Herein lies attempts to map logical and physical data models at DfE
-
A "logical" data model: a model of the real-world/problem-domain objects and how they relate.
-
A "physical" data model: a model of what data repositories we have and what aspects of the real-world objects are stored in each, and how the data flows between them work.
-
The relationship between them, showing what physical databases represent what logical objects.
You can view the source data for the map so far in src/model.rb
, which is a Ruby script that generates:
- Multiple graph models in the
out
directory, in GraphViz format - A
representations.html
file listing finer detail on how logical objects are realised in physical databases.
It does this by using code in src/engine.rb
.
If you have make
and GraphViz installed, you can also turn it into various output forms with the following commands:
make all
...generates SVG and PNG files in out
make view-key
make view-actors
make view-logical
make view-physical
make view-representations
...generates corresponding SVG files in out
and attempts to view them with inkview
(part of the Inkscape package).
Shows the symbols used for different types of objects and the arrows between them.
This shows "logical objects": the actual real-world objects we deal with, such as people, schools, and applications for courses.
It also shows the links between them - for instance an application for a course has a link to the person applying, and to the course being applied for.
This shows physical databases.
It also shows where data is duplicated between them by some process.
This shows what physical databases store information about what logical objects.
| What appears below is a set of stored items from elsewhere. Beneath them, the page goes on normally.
lemma summable_kernel:
  assumes pos: "\<And>n. beta n > 0"
    and lim: "liminf (\<lambda>n. ereal (root n (beta n))) \<ge> 1"
    and w: "norm w < 1"
  shows "summable (\<lambda>n. (norm w ^ 2) ^ n / beta n)"
  by (rule summable_power_div_weight[OF pos lim])
     (use w in \<open>auto simp: power_less_one_iff abs_square_less_1\<close>)

lemma
  assumes pos: "\<And>n. beta n > 0"
    and lim: "liminf (\<lambda>n. ereal (root n (beta n))) \<ge> 1"
    and w: "norm w < 1"
  shows kernel_norm_pos: "kernel_norm beta w > 0"
    and inverse_kernel_norm_le: "1 / kernel_norm beta w \<le> sqrt (beta 0)"
proof -
  have "(\<Sum>n\<in>{0}. (norm w ^ 2) ^ n / beta n) \<le> (\<Sum>n. (norm w ^ 2) ^ n / beta n)"
    by (intro sum_le_suminf[OF summable_kernel[OF pos lim w]]) (auto simp: less_imp_le[OF pos])
  then have "sqrt (1 / beta 0) \<le> kernel_norm beta w"
    unfolding kernel_norm_def by (intro real_sqrt_le_mono) simp
  then have K: "1 / sqrt (beta 0) \<le> kernel_norm beta w"
    by (simp add: real_sqrt_divide)
  moreover have "0 < 1 / sqrt (beta 0)" using pos[of 0] by simp
  ultimately show K0: "kernel_norm beta w > 0" by linarith
  show "1 / kernel_norm beta w \<le> sqrt (beta 0)"
    using K K0 pos[of 0] by (simp add: field_simps)
qed

lemma
  assumes pos: "\<And>n. beta n > 0"
    and lim: "liminf (\<lambda>n. ereal (root n (beta n))) \<ge> 1"
    and c: "summable (\<lambda>n. (norm (c n))\<^sup>2 * beta n)"
    and w: "norm w < 1"
  shows summable_norm_coeff_power: "summable (\<lambda>n. norm (c n * w ^ n))"
    and suminf_norm_coeff_power_le:
      "(\<Sum>n. norm (c n * w ^ n)) \<le> sqrt (\<Sum>n. (norm (c n))\<^sup>2 * beta n) * kernel_norm beta w"
proof -
  define x where "x n = norm (c n) * sqrt (beta n)" for n
  define y where "y n = norm w ^ n / sqrt (beta n)" for n
  have x2: "(x n)\<^sup>2 = (norm (c n))\<^sup>2 * beta n" for n
    using pos[of n] by (simp add: x_def power_mult_distrib)
  have y2: "(y n)\<^sup>2 = (norm w ^ 2) ^ n / beta n" for n
    using pos[of n] by (simp add: y_def power_divide flip: power_mult) (simp add: mult.commute)
  have xy: "\<bar>x n * y n\<bar> = norm (c n * w ^ n)" for n
    using pos[of n] by (simp add: x_def y_def norm_mult norm_power)
  have sx: "summable (\<lambda>n. (x n)\<^sup>2)" and sy: "summable (\<lambda>n. (y n)\<^sup>2)"
    unfolding x2 y2 using c summable_kernel[OF pos lim w] .
  show "summable (\<lambda>n. norm (c n * w ^ n))"
    using summable_abs_mult_of_squares[OF sx sy] unfolding xy .
  show "(\<Sum>n. norm (c n * w ^ n)) \<le> sqrt (\<Sum>n. (norm (c n))\<^sup>2 * beta n) * kernel_norm beta w"
    using suminf_abs_mult_le[OF sx sy] unfolding xy x2 y2 kernel_norm_def .
qed

lemma H2_point_eval_le:
  assumes pos: "\<And>n. beta n > 0"
    and lim: "liminf (\<lambda>n. ereal (root n (beta n))) \<ge> 1"
    and g: "g \<in> H2 beta" and w: "norm w < 1"
  shows "norm (g w) \<le> H2_norm beta g * kernel_norm beta w"
proof -
  have hol: "g holomorphic_on ball 0 1"
    and c: "summable (\<lambda>n. (norm (tcoeff g n))\<^sup>2 * beta n)"
    using g unfolding H2_def by auto
  have "norm (g w) = norm (\<Sum>n. tcoeff g n * w ^ n)"
    using tcoeff_sums[OF hol w] by (simp add: sums_iff)
  also have "\<dots> \<le> (\<Sum>n. norm (tcoeff g n * w ^ n))"
    by (rule summable_norm[OF summable_norm_coeff_power[OF pos lim c w]])
  also have "\<dots> \<le> H2_norm beta g * kernel_norm beta w"
    unfolding H2_norm_def by (rule suminf_norm_coeff_power_le[OF pos lim c w])
  finally show ?thesis .
qed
So it shows the objects and the databases, and arrows between them indicating where data is stored.
Where knows, the head of the arrow is decorated with the name of the table in the physical database that stores the information.
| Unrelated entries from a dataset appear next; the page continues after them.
(* Let $t\ge2$ and let $>$ be the graded reverse lexicographic order on $\mathbb{K}[E_t]$ with $a_1>\cdots>a_t>f_1>f_2>f_3>e_1>e_2>e_3>b_1>\cdots>b_t$. Order the minimal monomial generators of $\operatorname{in}(I_{G_t})$ as follows: first the elements of $\mathcal{M}_1=\{a_ib_j:1\le j<i\le t\}$, then those of $\mathcal{M}_2=\{a_ia_jf_1f_3e_2:1\le i<j\le t\}$, then those of $\mathcal{M}_3=\{a_i^2f_1f_3e_2:1\le i\le t\}$, each set listed from smallest to largest with respect to $>$; explicitly $a_tb_{t-1}, a_tb_{t-2},\dots,a_{t-1}b_{t-2},\dots,a_2b_1,\ a_ta_{t-1}f_1f_3e_2, a_ta_{t-2}f_1f_3e_2,\dots,a_2a_1f_1f_3e_2,\ a_t^2f_1f_3e_2, a_{t-1}^2f_1f_3e_2,\dots,a_1^2f_1f_3e_2$. Then $\operatorname{in}(I_{G_t})$ has linear quotients with respect to this ordering $g_1,\dots,g_{t^2}$. Furthermore, if $n_p$ denotes the number of (variable) generators of $\langle g_1,\dots,g_{p-1}\rangle:\langle g_p\rangle$, then $\max\{n_p : 2\le p\le t^2\}=2t-2$.
   Context: $\mathbb{K}$ is an algebraically closed field of characteristic zero. For $t\ge2$, $G_t$ is the graph with vertex set $\{x_1,x_2,y_1,\dots,y_t,z_1,z_2,w_1,w_2\}$ and edges $a_i=\{x_1,y_i\}$, $b_i=\{x_2,y_i\}$ ($1\le i\le t$), $e_1=\{x_1,z_1\}$, $e_2=\{z_1,z_2\}$, $e_3=\{z_2,x_1\}$, $f_1=\{x_2,w_1\}$, $f_2=\{w_1,w_2\}$, $f_3=\{w_2,x_2\}$. Its toric ideal $I_{G_t}$ is the kernel of the $\mathbb{K}$-algebra map from $\mathbb{K}[E_t]=\mathbb{K}[a_1,\dots,a_t,f_1,f_2,f_3,e_1,e_2,e_3,b_1,\dots,b_t]$ to the polynomial ring on the vertices sending each edge variable to the product of its two endpoints; $\operatorname{in}(I_{G_t})$ is its initial ideal with respect to $>$. A monomial ideal has linear quotients with respect to an ordering $g_1,\dots,g_m$ of its minimal generators if $\langle g_1,\dots,g_{j-1}\rangle:\langle g_j\rangle$ is generated by variables for every $j=2,\dots,m$. *)

theory Defs
  imports "HOL-Library.Poly_Mapping" "HOL-Computational_Algebra.Polynomial"
begin

datatype vertex = X nat | Y nat | Z nat | W nat

datatype edge = A nat | B nat | Ee nat | Fe nat

fun ends :: "edge \<Rightarrow> vertex set" where
  "ends (A i) = {X 1, Y i}"
| "ends (B i) = {X 2, Y i}"
| "ends (Ee k) = (if k = 1 then {X 1, Z 1} else if k = 2 then {Z 1, Z 2}
                  else if k = 3 then {Z 2, X 1} else {})"
| "ends (Fe k) = (if k = 1 then {X 2, W 1} else if k = 2 then {W 1, W 2}
                  else if k = 3 then {W 2, X 2} else {})"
This table shows the same information as the Representations chart, but with further detail, and in a tabular form; it indicates what fields in the table in the physical databases are used to identify that real-world object. These "key fields" can either be pure primary keys that can be relied upon, optional keys that are not always present, or fuzzy keys that may or may not be correct or particularly unique, but may be of use.
This shows what services or other software agents use what physical databases. It also shows where actors use each other to access data, via an API.
This file is where the master data for the map is contained. Edit this file to make changes to the map.
It's a Ruby source code file, but you don't need to know Ruby to edit it; you can just treat it as plain text. See inside the file for details on the format.
If you have information to contribute to the Map and the thought of editing a Ruby source code file in a git repo is daunting, please just drop the Data Insight Team a message and we'll make the changes for you (or teach you how to edit Ruby source code files in git repos, if you'd like to learn!).
The Makefile
contains the top-level instructions to generate all the outputs, including running the Ruby code, running GraphViz, and preparing some static resources (the key and index page).
src/engine.rb
contains the Ruby code used to convert the information in src/model.rb
into HTML and GraphViz-format files.
The key and the index page with help for viewers of the maps. The Makefile
renders the key into SVG, and just copies the index page over into out
.
Please, please do submit improvements if you can! Either create a pull request on this repo if you're happy editing model.rb
, or ask a friendly Ruby developer to do it for you, or contact the Data Insight Team. Your contributions are what make the map a useful resource. Thank you!
Ok, so we have lots of different things in databases that are... aspects of a
person. Like, candidate
and user
. I've mapped them all to the logical object
of a "Person" because people are what exist in the real world, but it feels like
there's a missing stage here - some logical object corresponding to the "role"
of a person as a candidate or a user that actually gets implemented in the
DB. It would be nice to have that to reflect that multiple databases tables
implement any particular "role", but there's nothing in the map to say that
these tables all represent that "role" other than that they're all listed as
representations of a "person", which can also mean weaker links like those
between tables representing candidate
and user
.
Would introducing a "subtype" notion in the logical model be worth the complexity?
It needs some CSS to make it look nicer.
The application is called bat-data-map and is supported by the Staticfile buildpack. It is deployed in the space bat-qa, in the dfe organisation.
There is no cdn-route service, we simply use the default .london.cloudapps.digital domain. i.e. https://bat-data-map.london.cloudapps.digital/
A github action workflow 'Deploy to GOV.UK PaaS' is triggered on push to master. This configures the deployment environment, and runs a 'make all' before pushing the updates to PaaS.
The PaaS service account credentials are stored in Azure keyvault. We have an Azure service principal (s121d01-keyvault-readonly-access) and we store the service principal client secret in github secrets, so the workflow can connect to AZ and collect the PaaS credentials. This is configured as per, https://technical-guidance.education.gov.uk/infrastructure/hosting/azure-cip/#service-principal
There is currently only one environment, and any changes should be previewed locally.